lemma column_system_even:
  assumes "even n2"
  shows "column_system n1 n2 n3 bk (yL n1 n2 n3) (yR n1 n2 n3)"
proof
  have h: "2 \<le> h" "n2 = 2 * h"
    using assms n2_ge by (auto simp: h_def)
  have lt: "(c - 1) mod h + 1 \<le> h" for c
    using h(1) by (simp add: Suc_le_eq)
  have inj: "inj_on (\<lambda>c. (bk c, (c - 1) mod h)) {1..n3}"
    using inj_on_block_mod len_le_h[OF assms] by blast
  show "2 \<le> n1" "\<And>c. c \<in> {1..n3} \<Longrightarrow> bk c \<in> {1..n1}"
    using n1_ge blk_props(1) by auto
  show "yL n1 n2 n3 c \<in> {1..n2}" "yR n1 n2 n3 c \<in> {1..n2}" "yL n1 n2 n3 c \<noteq> yR n1 n2 n3 c" for c
    using lt[of c] h(2) by (simp_all add: even_heights[OF assms])
  show "yL n1 n2 n3 c = yR n1 n2 n3 c' \<Longrightarrow> bk c \<noteq> cyc_succ n1 (bk c') \<and> bk c' \<noteq> cyc_succ n1 (bk c)"
    for c c'
    using lt[of c] by (simp add: even_heights[OF assms])
  show "inj_on (\<lambda>c. (bk c, yL n1 n2 n3 c)) {1..n3}" "inj_on (\<lambda>c. (bk c, yR n1 n2 n3 c)) {1..n3}"
    by (rule inj_onI, erule (1) inj_onD[OF inj, rotated], simp add: even_heights[OF assms])+
qed

lemma snd_card_even:
  assumes "even n2" "b \<in> {1..n2}"
  shows "3 \<le> card {c \<in> {1..n3}. yL n1 n2 n3 c = b \<or> yR n1 n2 n3 c = b}"
proof -
  have h: "2 \<le> h" "n2 = 2 * h" "3 * h \<le> n3"
    using assms n2_ge three_n2_le by (auto simp: h_def)
  define v where "v = (b - 1) mod h + 1"
  have v: "1 \<le> v" "v \<le> h" "b = v \<or> b = h + v"
  proof -
    show "1 \<le> v" "v \<le> h"
      using h(1) by (simp_all add: v_def Suc_le_eq)
    show "b = v \<or> b = h + v"
      using assms(2) h(2) by (cases "b \<le> h") (auto simp: v_def le_mod_geq)
  qed
  have mem: "v + k * h \<in> {c \<in> {1..n3}. yL n1 n2 n3 c = b \<or> yR n1 n2 n3 c = b}" if "k \<le> 2" for k
  proof -
    have "k * h \<le> 2 * h"
      using that by simp
    moreover have "yL n1 n2 n3 (v + k * h) = v" "yR n1 n2 n3 (v + k * h) = h + v"
      using even_heights[OF assms(1)] mod_add_mult_pred[OF v(1,2)] v(1) by simp_all
    ultimately show ?thesis
      using v h by auto
  qed
  have "{v, v + h, v + 2 * h} \<subseteq> {c \<in> {1..n3}. yL n1 n2 n3 c = b \<or> yR n1 n2 n3 c = b}"
    using mem[of 0] mem[of 1] mem[of 2] by (simp only: mult_1 mult_0 add_0_right insert_subset) simp
  from card_mono[OF _ this] show ?thesis
    using h(1) by simp
qed


subsection \<open>Odd \<open>n2\<close>\<close>

abbreviation "S \<equiv> Sset n1 n2 n3"
abbreviation "S1 \<equiv> (\<lambda>s. s + 1) ` S"
abbreviation "k \<equiv> kcnt n1 n2 n3"

lemma Sset_many: "2 \<le> k \<Longrightarrow> S = sblk n1 n3 ` {i \<in> {1..n1}. f < len i}"
  unfolding Sset_def f_def by auto

lemma Sset_few: "\<not> 2 \<le> k \<Longrightarrow> S = {1}"
  unfolding Sset_def by simp

lemma finite_Sset: "finite S"
  by (cases "2 \<le> k") (simp_all add: Sset_many Sset_few)

lemma sblk_one: "sblk n1 n3 1 = 1"
  using L_one by (simp add: sblk_def)

lemma long_block_one:
  assumes "odd n2" "\<not> 2 \<le> k" "i \<in> {1..n1}" "f < len i"
  shows "i = 1"
proof (rule ccontr)
  assume "i \<noteq> 1"
  have "{1, i} \<subseteq> {i \<in> {1..n1}. f < len i}"
    using assms(3,4) long_block_first[OF assms(1,4)] n1_ge by auto
  then have "card {1, i} \<le> k"
    unfolding kcnt_eq by (intro card_mono) auto
  then show False
    using \<open>i \<noteq> 1\<close> assms(2) by simp
qed
lemma Theta_lin_eq_sqrt:
  fixes S :: "'a::field set"
  assumes upper: "\<And>k. alpha_lin S k ^ 2 \<le> Q ^ k" and at_2: "alpha_lin S 2 = Q"
  shows "Theta_lin S = sqrt (real Q)"
proof -
  let ?f = "\<lambda>k. real (alpha_lin S k) powr (1 / real k)"
  have le: "?f k \<le> sqrt (real Q)" if "k \<in> {1..}" for k
    using that upper[of k] by (intro powr_inverse_le_sqrt) (auto simp flip: of_nat_power)
  have "?f 2 = sqrt (real Q)" using at_2 by (simp add: powr_half_sqrt)
  hence "(SUP k\<in>{1..}. ?f k) = sqrt (real Q)"
    using le by (intro antisym cSUP_least cSUP_upper2[where x=2] bdd_aboveI2) auto
  thus ?thesis unfolding Theta_lin_def .
qed

lemma Theta_lin_paley:
  assumes "odd (card (UNIV :: 'a::{finite,field} set))"
  shows "Theta_lin (paley_set :: 'a set) = sqrt CARD('a)"
  using assms by (intro Theta_lin_eq_sqrt alpha_lin_paley_le alpha_lin_paley_2)

lemma paley_set_card_5:
  assumes "card (UNIV :: 'a::{finite,field} set) = 5"
  shows "(paley_set :: 'a set) = {1, -1}"
proof -
  have "(paley_set :: 'a set) = {x. x ^ 2 = 1}" by (rule paley_set_eq_roots) (simp add: assms)
  thus ?thesis by (auto simp: power2_eq_1_iff)
qed

theorem mainTheorem5:
  shows "(card (UNIV :: 'a::{finite,field} set) mod 4 = 1 \<longrightarrow>
            Theta_lin (paley_set :: 'a set) = sqrt (real (card (UNIV :: 'a set))))
       \<and> (card (UNIV :: 'b::{finite,field} set) = 5 \<longrightarrow>
            Theta_lin ({1, -1} :: 'b set) = sqrt 5)"
proof (intro conjI impI)
  show "Theta_lin (paley_set :: 'a set) = sqrt CARD('a)" if "CARD('a) mod 4 = 1"
    using that by (intro Theta_lin_paley) presburger
  show "Theta_lin ({1, -1} :: 'b set) = sqrt 5" if "CARD('b) = 5"
    using that Theta_lin_paley[where 'a='b] by (simp add: paley_set_card_5)
qed

end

==*==

■ EXERCISE ■
The response has to contain every record shown above, unaltered and complete.

■ OUTPUT OF THE TASK ■
lemma column_system_even:
  assumes "even n2"
  shows "column_system n1 n2 n3 bk (yL n1 n2 n3) (yR n1 n2 n3)"
proof
  have h: "2 \<le> h" "n2 = 2 * h"
    using assms n2_ge by (auto simp: h_def)
  have lt: "(c - 1) mod h + 1 \<le> h" for c
    using h(1) by (simp add: Suc_le_eq)
  have inj: "inj_on (\<lambda>c. (bk c, (c - 1) mod h)) {1..n3}"
    using inj_on_block_mod len_le_h[OF assms] by blast
  show "2 \<le> n1" "\<And>c. c \<in> {1..n3} \<Longrightarrow> bk c \<in> {1..n1}"
    using n1_ge blk_props(1) by auto
  show "yL n1 n2 n3 c \<in> {1..n2}" "yR n1 n2 n3 c \<in> {1..n2}" "yL n1 n2 n3 c \<noteq> yR n1 n2 n3 c" for c
    using lt[of c] h(2) by (simp_all add: even_heights[OF assms])
  show "yL n1 n2 n3 c = yR n1 n2 n3 c' \<Longrightarrow> bk c \<noteq> cyc_succ n1 (bk c') \<and> bk c' \<noteq> cyc_succ n1 (bk c)"
    for c c'
    using lt[of c] by (simp add: even_heights[OF assms])
  show "inj_on (\<lambda>c. (bk c, yL n1 n2 n3 c)) {1..n3}" "inj_on (\<lambda>c. (bk c, yR n1 n2 n3 c)) {1..n3}"
    by (rule inj_onI, erule (1) inj_onD[OF inj, rotated], simp add: even_heights[OF assms])+
qed

lemma snd_card_even:
  assumes "even n2" "b \<in> {1..n2}"
  shows "3 \<le> card {c \<in> {1..n3}. yL n1 n2 n3 c = b \<or> yR n1 n2 n3 c = b}"
proof -
  have h: "2 \<le> h" "n2 = 2 * h" "3 * h \<le> n3"
    using assms n2_ge three_n2_le by (auto simp: h_def)
  define v where "v = (b - 1) mod h + 1"
  have v: "1 \<le> v" "v \<le> h" "b = v \<or> b = h + v"
  proof -
    show "1 \<le> v" "v \<le> h"
      using h(1) by (simp_all add: v_def Suc_le_eq)
    show "b = v \<or> b = h + v"
      using assms(2) h(2) by (cases "b \<le> h") (auto simp: v_def le_mod_geq)
  qed
  have mem: "v + k * h \<in> {c \<in> {1..n3}. yL n1 n2 n3 c = b \<or> yR n1 n2 n3 c = b}" if "k \<le> 2" for k
  proof -
    have "k * h \<le> 2 * h"
      using that by simp
    moreover have "yL n1 n2 n3 (v + k * h) = v" "yR n1 n2 n3 (v + k * h) = h + v"
      using even_heights[OF assms(1)] mod_add_mult_pred[OF v(1,2)] v(1) by simp_all
    ultimately show ?thesis
      using v h by auto
  qed
  have "{v, v + h, v + 2 * h} \<subseteq> {c \<in> {1..n3}. yL n1 n2 n3 c = b \<or> yR n1 n2 n3 c = b}"
    using mem[of 0] mem[of 1] mem[of 2] by (simp only: mult_1 mult_0 add_0_right insert_subset) simp
  from card_mono[OF _ this] show ?thesis
    using h(1) by simp
qed


subsection \<open>Odd \<open>n2\<close>\<close>

abbreviation "S \<equiv> Sset n1 n2 n3"
abbreviation "S1 \<equiv> (\<lambda>s. s + 1) ` S"
abbreviation "k \<equiv> kcnt n1 n2 n3"

lemma Sset_many: "2 \<le> k \<Longrightarrow> S = sblk n1 n3 ` {i \<in> {1..n1}. f < len i}"
  unfolding Sset_def f_def by auto

lemma Sset_few: "\<not> 2 \<le> k \<Longrightarrow> S = {1}"
  unfolding Sset_def by simp

lemma finite_Sset: "finite S"
  by (cases "2 \<le> k") (simp_all add: Sset_many Sset_few)

lemma sblk_one: "sblk n1 n3 1 = 1"
  using L_one by (simp add: sblk_def)

lemma long_block_one:
  assumes "odd n2" "\<not> 2 \<le> k" "i \<in> {1..n1}" "f < len i"
  shows "i = 1"
proof (rule ccontr)
  assume "i \<noteq> 1"
  have "{1, i} \<subseteq> {i \<in> {1..n1}. f < len i}"
    using assms(3,4) long_block_first[OF assms(1,4)] n1_ge by auto
  then have "card {1, i} \<le> k"
    unfolding kcnt_eq by (intro card_mono) auto
  then show False
    using \<open>i \<noteq> 1\<close> assms(2) by simp
qed
lemma Theta_lin_eq_sqrt:
  fixes S :: "'a::field set"
  assumes upper: "\<And>k. alpha_lin S k ^ 2 \<le> Q ^ k" and at_2: "alpha_lin S 2 = Q"
  shows "Theta_lin S = sqrt (real Q)"
proof -
  let ?f = "\<lambda>k. real (alpha_lin S k) powr (1 / real k)"
  have le: "?f k \<le> sqrt (real Q)" if "k \<in> {1..}" for k
    using that upper[of k] by (intro powr_inverse_le_sqrt) (auto simp flip: of_nat_power)
  have "?f 2 = sqrt (real Q)" using at_2 by (simp add: powr_half_sqrt)
  hence "(SUP k\<in>{1..}. ?f k) = sqrt (real Q)"
    using le by (intro antisym cSUP_least cSUP_upper2[where x=2] bdd_aboveI2) auto
  thus ?thesis unfolding Theta_lin_def .
qed

lemma Theta_lin_paley:
  assumes "odd (card (UNIV :: 'a::{finite,field} set))"
  shows "Theta_lin (paley_set :: 'a set) = sqrt CARD('a)"
  using assms by (intro Theta_lin_eq_sqrt alpha_lin_paley_le alpha_lin_paley_2)

lemma paley_set_card_5:
  assumes "card (UNIV :: 'a::{finite,field} set) = 5"
  shows "(paley_set :: 'a set) = {1, -1}"
proof -
  have "(paley_set :: 'a set) = {x. x ^ 2 = 1}" by (rule paley_set_eq_roots) (simp add: assms)
  thus ?thesis by (auto simp: power2_eq_1_iff)
qed

theorem mainTheorem5:
  shows "(card (UNIV :: 'a::{finite,field} set) mod 4 = 1 \<longrightarrow>
            Theta_lin (paley_set :: 'a set) = sqrt (real (card (UNIV :: 'a set))))
       \<and> (card (UNIV :: 'b::{finite,field} set) = 5 \<longrightarrow>
            Theta_lin ({1, -1} :: 'b set) = sqrt 5)"
proof (intro conjI impI)
  show "Theta_lin (paley_set :: 'a set) = sqrt CARD('a)" if "CARD('a) mod 4 = 1"
    using that by (intro Theta_lin_paley) presburger
  show "Theta_lin ({1, -1} :: 'b set) = sqrt 5" if "CARD('b) = 5"
    using that Theta_lin_paley[where 'a='b] by (simp add: paley_set_card_5)
qed

end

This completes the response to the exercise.